A car loans after a bankruptcy is one way to help build back your credit history. In fact, once your bankruptcy closes, you can apply for a car loan the next day. To get approved with the best rates for your car loan, follow these tips.
Review Your Credit Report
Before you start applying for a car loan, check out your credit report and make sure all your accounts are in order. It is not uncommon after a bankruptcy to see open accounts that should be closed, which hurt your credit rating.

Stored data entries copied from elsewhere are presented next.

lemma min_power_eq_power_min:
  fixes q :: nat
  assumes "q \<ge> 1"
  shows "min (q ^ a) (q ^ b) = q ^ min a b"
proof (cases "a \<le> b")
  case True
  then show ?thesis using assms by (simp add: power_increasing min_absorb1)
next
  case False
  then show ?thesis using assms by (simp add: power_increasing min_absorb2)
qed

lemma card_pderiv_dvd_le:
  fixes Q :: "'a::{field,finite} poly"
  assumes "prime p" "CHAR('a) = p" "squarefree Q"
    and "p * t \<le> degree Q" "t \<le> s" "p * s \<le> r + 1"
  shows "card {c. degree c \<le> r \<and> Q dvd pderiv c}
           \<le> card (UNIV :: 'a set) ^ (r + 1 - min (degree Q) ((p - 1) * t + (s - t)))"
proof -
  define q where "q = card (UNIV :: 'a set)"
  define \<rho> where "\<rho> = min (degree Q) ((p - 1) * t + (s - t))"
  define T where "T = {c. degree c \<le> r \<and> Q dvd pderiv c}"
  have p0: "p > 0" using assms(1) prime_gt_0_nat by blast
  have q1: "q \<ge> 1" by (simp add: q_def Suc_le_eq finite_UNIV_card_ge_0)
  have "Q \<noteq> 0" using assms(3) by auto
  obtain u v where bezout: "u * Q + v * pderiv Q = 1"
    using coprime_imp_bezout_poly squarefree_imp_coprime_pderiv assms(1-3) by blast
  have "q ^ \<rho> = min (q ^ degree Q) (q ^ ((p - 1) * t) * q ^ (s - t))"
    by (simp add: \<rho>_def min_power_eq_power_min[OF q1] flip: power_add)
  also have "\<dots> \<le> min (q ^ degree Q) (card (pderiv_residues Q (p * t)) * q ^ (s - t))"
    using card_pderiv_residues_ge[OF assms(1,2,4)] by (intro min.mono mult_le_mono1) (simp_all add: q_def)
  also have "\<dots> \<le> card (pderiv_residues Q (p * t + p * (s - t)))"
    unfolding q_def by (rule card_pderiv_residues_iterate[OF assms(2) p0 \<open>Q \<noteq> 0\<close> bezout])
  also have "\<dots> \<le> card (pderiv_residues Q (Suc r))"
    using assms(5,6) by (intro card_mono finite_pderiv_residues pderiv_residues_mono)
      (simp add: diff_mult_distrib2)
  finally have "card T * q ^ \<rho> \<le> card T * card (pderiv_residues Q (Suc r))"
    by (rule mult_le_mono2)
  also have "\<dots> \<le> q ^ Suc r"
  proof -
    define S where "S = (supported_polys {..<Suc r} :: 'a poly set)"
    have "card {c \<in> S. pderiv c mod Q = 0} * card ((\<lambda>c. pderiv c mod Q) ` S) \<le> card S"
      by (rule card_kernel_mult_card_image_le)
        (simp_all add: S_def finite_supported_polys supported_polys_add pderiv_add poly_mod_add_left)
    moreover have "{c \<in> S. pderiv c mod Q = 0} = T"
      unfolding S_def T_def degree_le_eq_supported_polys[symmetric] by (auto simp: dvd_eq_mod_eq_0)
    ultimately show ?thesis
      by (simp add: S_def pderiv_residues_def card_supported_polys q_def)
  qed
  also have "\<dots> = q ^ (r + 1 - \<rho>) * q ^ \<rho>"
  proof -
    have "(p - 1) * t \<le> (p - 1) * s" using assms(5) by (rule mult_le_mono2)
    then have "(p - 1) * t + (s - t) \<le> (p - 1) * s + s" by linarith
    also have "\<dots> = p * s" using p0 by (cases p) auto
    finally have "\<rho> \<le> r + 1" using assms(6) by (simp add: \<rho>_def)
    then show ?thesis by (simp flip: power_add)
  qed
  finally have "card T * q ^ \<rho> \<le> q ^ (r + 1 - \<rho>) * q ^ \<rho>" .
  then show ?thesis using q1 by (simp add: T_def q_def \<rho>_def)
qed

lemma exponent_bound:
  fixes p d r t s :: nat
  assumes "p \<ge> 2" "d \<le> r" "d < p * (t + 1)" "r + 1 < p * (s + 1)" "t \<le> s"
  shows "real (r + 1 - min d ((p - 1) * t + (s - t)))
           \<le> real r - real d + max 0 ((2 * real d - real r) / real p) + 2 * real p"
proof (cases "d \<le> (p - 1) * t + (s - t)")
  case True
  then show ?thesis using assms(1,2) by (simp add: of_nat_diff)
next
  case False
  define B where "B = (p - 1) * t + (s - t)"
  define X where "X = (2 * real d - real r) / real p"
  have p: "real p \<ge> 2" using assms(1) by simp
  have pX: "real p * X = 2 * real d - real r" using p by (simp add: X_def)
  have "real ((p - 1) * t) = (real p - 1) * real t" "real (s - t) = real s - real t"
    using assms(1,5) by (simp_all add: of_nat_diff)
  then have B: "real B = (real p - 2) * real t + real s" by (simp add: B_def algebra_simps)
  have t: "real p * real t \<ge> real d - real p + 1"
    using assms(3) by (simp add: algebra_simps flip: of_nat_mult)
  have s: "real p * real s \<ge> real r + 2 - real p"
    using assms(4) by (simp add: algebra_simps flip: of_nat_mult)
  have "(real p - 2) * (real p * real t) \<ge> (real p - 2) * (real d - real p + 1)"
    using t p by (intro mult_left_mono) auto
  then have "real p * (real r + 1 - real B) \<le> real p * (real r - real d + X + real p - 1)"
    using s pX by (simp add: B algebra_simps)
  then have "real r + 1 - real B \<le> real r - real d + X + real p - 1"
    using p by simp
  moreover have "real (r + 1 - B) = real r + 1 - real B"
    using False assms(2) by (simp add: B_def of_nat_diff)
  ultimately show ?thesis using False p by (simp add: B_def X_def)
qed

lemma real_le_powr_of_le_power:
  fixes N q m :: nat
  assumes "N \<le> q ^ m" "real m \<le> e" "q \<ge> 1"
  shows "real N \<le> real q powr e"
proof -
  have "real N \<le> real q ^ m" using assms(1) by (metis of_nat_le_iff of_nat_power)
  also have "\<dots> = real q powr real m" using assms(3) by (simp add: powr_realpow)
  also have "\<dots> \<le> real q powr e" using assms by (intro powr_mono) auto
  finally show ?thesis .
qed

lemma card_pderiv_dvd_le_powr:
  fixes Q :: "'a::{field,finite} poly"
  assumes "prime p" "CHAR('a) = p" "squarefree Q" "degree Q \<le> r"
  shows "real (card {c. degree c \<le> r \<and> Q dvd pderiv c})
           \<le> real (card (UNIV :: 'a set)) powr (real r - real (degree Q)
                + max 0 ((2 * real (degree Q) - real r) / real p) + 2 * real p)"
proof (rule real_le_powr_of_le_power)
  define d where "d = degree Q"
  define t where "t = d div p"
  define s where "s = (r + 1) div p"
  have p0: "p > 0" using assms(1) prime_gt_0_nat by blast
  have "t \<le> s" using assms(4) by (simp add: d_def t_def s_def div_le_mono)
  then show "card {c. degree c \<le> r \<and> Q dvd pderiv c}
               \<le> card (UNIV :: 'a set) ^ (r + 1 - min d ((p - 1) * t + (s - t)))"
    using card_pderiv_dvd_le[OF assms(1-3), of t s r]
    by (simp add: d_def t_def s_def times_div_less_eq_dividend)
  have "d < t * p + p" "r + 1 < s * p + p"
    using mod_less_divisor[OF p0, of d] mod_less_divisor[OF p0, of "r + 1"]
      div_mult_mod_eq[of d p] div_mult_mod_eq[of "r + 1" p]
    unfolding t_def s_def by linarith+
  then have "d < p * (t + 1)" "r + 1 < p * (s + 1)" by (simp_all add: algebra_simps)
  then show "real (r + 1 - min d ((p - 1) * t + (s - t)))
               \<le> real r - real d + max 0 ((2 * real d - real r) / real p) + 2 * real p"
    using assms(1,4) \<open>t \<le> s\<close> prime_ge_2_nat by (intro exponent_bound) (auto simp: d_def)
  show "card (UNIV :: 'a set) \<ge> 1" by (simp add: Suc_le_eq finite_UNIV_card_ge_0)
qed

theorem mainTheorem15:
  fixes Q :: "'a :: {field, finite} poly"
    and p q r :: nat
  assumes "prime p" and "p > 2"
    and "CHAR('a) = p"
    and "card (UNIV :: 'a set) = q"
    and "\<exists>k. q = p ^ k"
    and "Q \<noteq> 0" and "squarefree Q"
    and "r \<ge> 1"
  shows "(degree Q < r \<and> r < 2 * degree Q \<longrightarrow>
           real (card {c :: 'a poly. degree c \<le> r \<and> Q dvd pderiv c})
             \<le> real q powr (real r / 2 + (1/2 - 1 / real p) * (real r - 2 * real (degree Q)) + 2 * real p))
       \<and> (r \<ge> 2 * degree Q \<longrightarrow>
           real (card {c :: 'a poly. degree c \<le> r \<and> Q dvd pderiv c})
             \<le> real q powr (real r / 2 + 1/2 * (real r - 2 * real (degree Q)) + 2 * real p))"
proof -
  define e where "e = real r - real (degree Q) + max 0 ((2 * real (degree Q) - real r) / real p) + 2 * real p"
  have bound: "real (card {c :: 'a poly. degree c \<le> r \<and> Q dvd pderiv c}) \<le> real q powr e"
    if "degree Q \<le> r"
    using card_pderiv_dvd_le_powr[OF assms(1,3,7) that] by (simp add: e_def assms(4))
  show ?thesis
  proof (intro conjI impI)
    assume r: "degree Q < r \<and> r < 2 * degree Q"
    then have "e = real r / 2 + (1/2 - 1 / real p) * (real r - 2 * real (degree Q)) + 2 * real p"
      using assms(2) by (simp add: e_def max_def field_simps)
    then show "real (card {c :: 'a poly. degree c \<le> r \<and> Q dvd pderiv c})
             \<le> real q powr (real r / 2 + (1/2 - 1 / real p) * (real r - 2 * real (degree Q)) + 2 * real p)"
      using bound r by simp
  next
    assume r: "2 * degree Q \<le> r"
    then have "e = real r / 2 + 1/2 * (real r - 2 * real (degree Q)) + 2 * real p"
      using assms(2) by (simp add: e_def max_def field_simps)
    then show "real (card {c :: 'a poly. degree c \<le> r \<and> Q dvd pderiv c})
             \<le> real q powr (real r / 2 + 1/2 * (real r - 2 * real (degree Q)) + 2 * real p)"
      using bound r by simp
  qed
qed

end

While looking at your credit report, consider adding a page explaining the situation that resulted in your bankruptcy. If there were extenuating circumstances, lenders may approve you for a better rate than under normal conditions.
Plan Your Car Purchase
Before purchasing a vehicle, decide what you can afford in a monthly car loan payment. This will help you decide which financing package is best for you. Both the loan amount and length of payments will determine your monthly payments, so there is flexibility in determining which vehicle you can afford to purchase.
Use A Car Loan Lender
Car loan lenders make their money by finding you a loan. Car loan lenders work with several financing partners to back loans with all types of credit risk, including bankruptcies.

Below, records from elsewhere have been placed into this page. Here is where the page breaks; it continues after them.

lemma I_conv0_indicator_iff:
  assumes "ideal_on_nat I"
  shows "I_conv0 I (indicator A) \<longleftrightarrow> A \<in> I"
proof
  assume "I_conv0 I (indicator A)"
  then have "{n. \<bar>indicator A n :: real\<bar> \<ge> 1} \<in> I"
    unfolding I_conv0_def by simp
  moreover have "{n. \<bar>indicator A n :: real\<bar> \<ge> 1} = A"
    by (auto simp: indicator_def)
  ultimately show "A \<in> I" by simp
next
  assume "A \<in> I"
  moreover have "{n. \<bar>indicator A n :: real\<bar> \<ge> \<epsilon>} \<subseteq> A" if "\<epsilon> > 0" for \<epsilon>
    using that by (auto simp: indicator_def)
  ultimately show "I_conv0 I (indicator A)"
    unfolding I_conv0_def using ideal_on_nat_subset[OF assms] by blast
qed

lemma I_uniform0_const_iff:
  assumes "S \<noteq> {}"
  shows "I_uniform0 I S (\<lambda>n x. a n) \<longleftrightarrow> I_conv0 I a"
  using assms by (simp add: I_uniform0_def I_conv0_def ex_in_conv)

lemma I_uniform0_imp_I_sigma_uniform0: "I_uniform0 I S f \<Longrightarrow> I_sigma_uniform0 I S f"
  unfolding I_sigma_uniform0_def by (intro exI[of _ "\<lambda>k. S"]) simp

lemma I_conv0_imp_I_quasi_normal0_const:
  assumes "ideal_on_nat I" "I_conv0 I a"
  shows "I_quasi_normal0 I S (\<lambda>n x. a n)"
  unfolding I_quasi_normal0_def
proof (intro exI[of _ "\<lambda>n. \<bar>a n\<bar> + inverse (real (Suc n))"] conjI ballI allI)
  have "I_conv0 I (\<lambda>n. \<bar>a n\<bar>)"
    using assms(2) by (simp add: I_conv0_def)
  then show "I_conv0 I (\<lambda>n. \<bar>a n\<bar> + inverse (real (Suc n)))"
    using LIMSEQ_imp_I_conv0[OF assms(1) LIMSEQ_inverse_real_of_nat] by (rule I_conv0_add[OF assms(1)])
qed (auto simp: add_nonneg_pos ideal_on_nat_finite[OF assms(1)])

lemma I_quasi_normal0_imp_I_pointwise0:
  assumes "ideal_on_nat I" "I_quasi_normal0 I S f"
  shows "I_pointwise0 I S f"
  unfolding I_pointwise0_def I_conv0_def
proof (intro ballI allI impI)
  fix x and \<epsilon> :: real
  assume "x \<in> S" "\<epsilon> > 0"
  obtain e where "I_conv0 I e" "\<And>x. x \<in> S \<Longrightarrow> {n. \<bar>f n x\<bar> \<ge> e n} \<in> I"
    using assms(2) unfolding I_quasi_normal0_def by blast
  with \<open>x \<in> S\<close> \<open>\<epsilon> > 0\<close> have "{n. \<bar>f n x\<bar> \<ge> e n} \<union> {n. \<bar>e n\<bar> \<ge> \<epsilon>} \<in> I"
    by (simp add: I_conv0_def ideal_on_nat_Un[OF assms(1)])
  moreover have "{n. \<bar>f n x\<bar> \<ge> \<epsilon>} \<subseteq> {n. \<bar>f n x\<bar> \<ge> e n} \<union> {n. \<bar>e n\<bar> \<ge> \<epsilon>}"
    by auto
  ultimately show "{n. \<bar>f n x\<bar> \<ge> \<epsilon>} \<in> I"
    by (rule ideal_on_nat_subset[OF assms(1)])
qed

Online car loan lenders deal with thousands of loans, and can usually find you a better deal than your local car dealerships. Online car loan lenders will send you a check when you are approved, basically making you a pre-approved car loan buyer.
Explain Your Situation
Car loan applications will ask if you have ever declared bankruptcy and why. This is your chance to explain what led up to the situation and what steps you have taken to resolve your credit situation. Be sure to include improvements in your financial history too.
Once you are approved for a car loan, keep your eye on future refinancing. By making regular payments on all your bills, in a year’s time you could qualify for significantly lower interest rates. In three years, you can build your credit score to near excellent and qualify for even lower rates.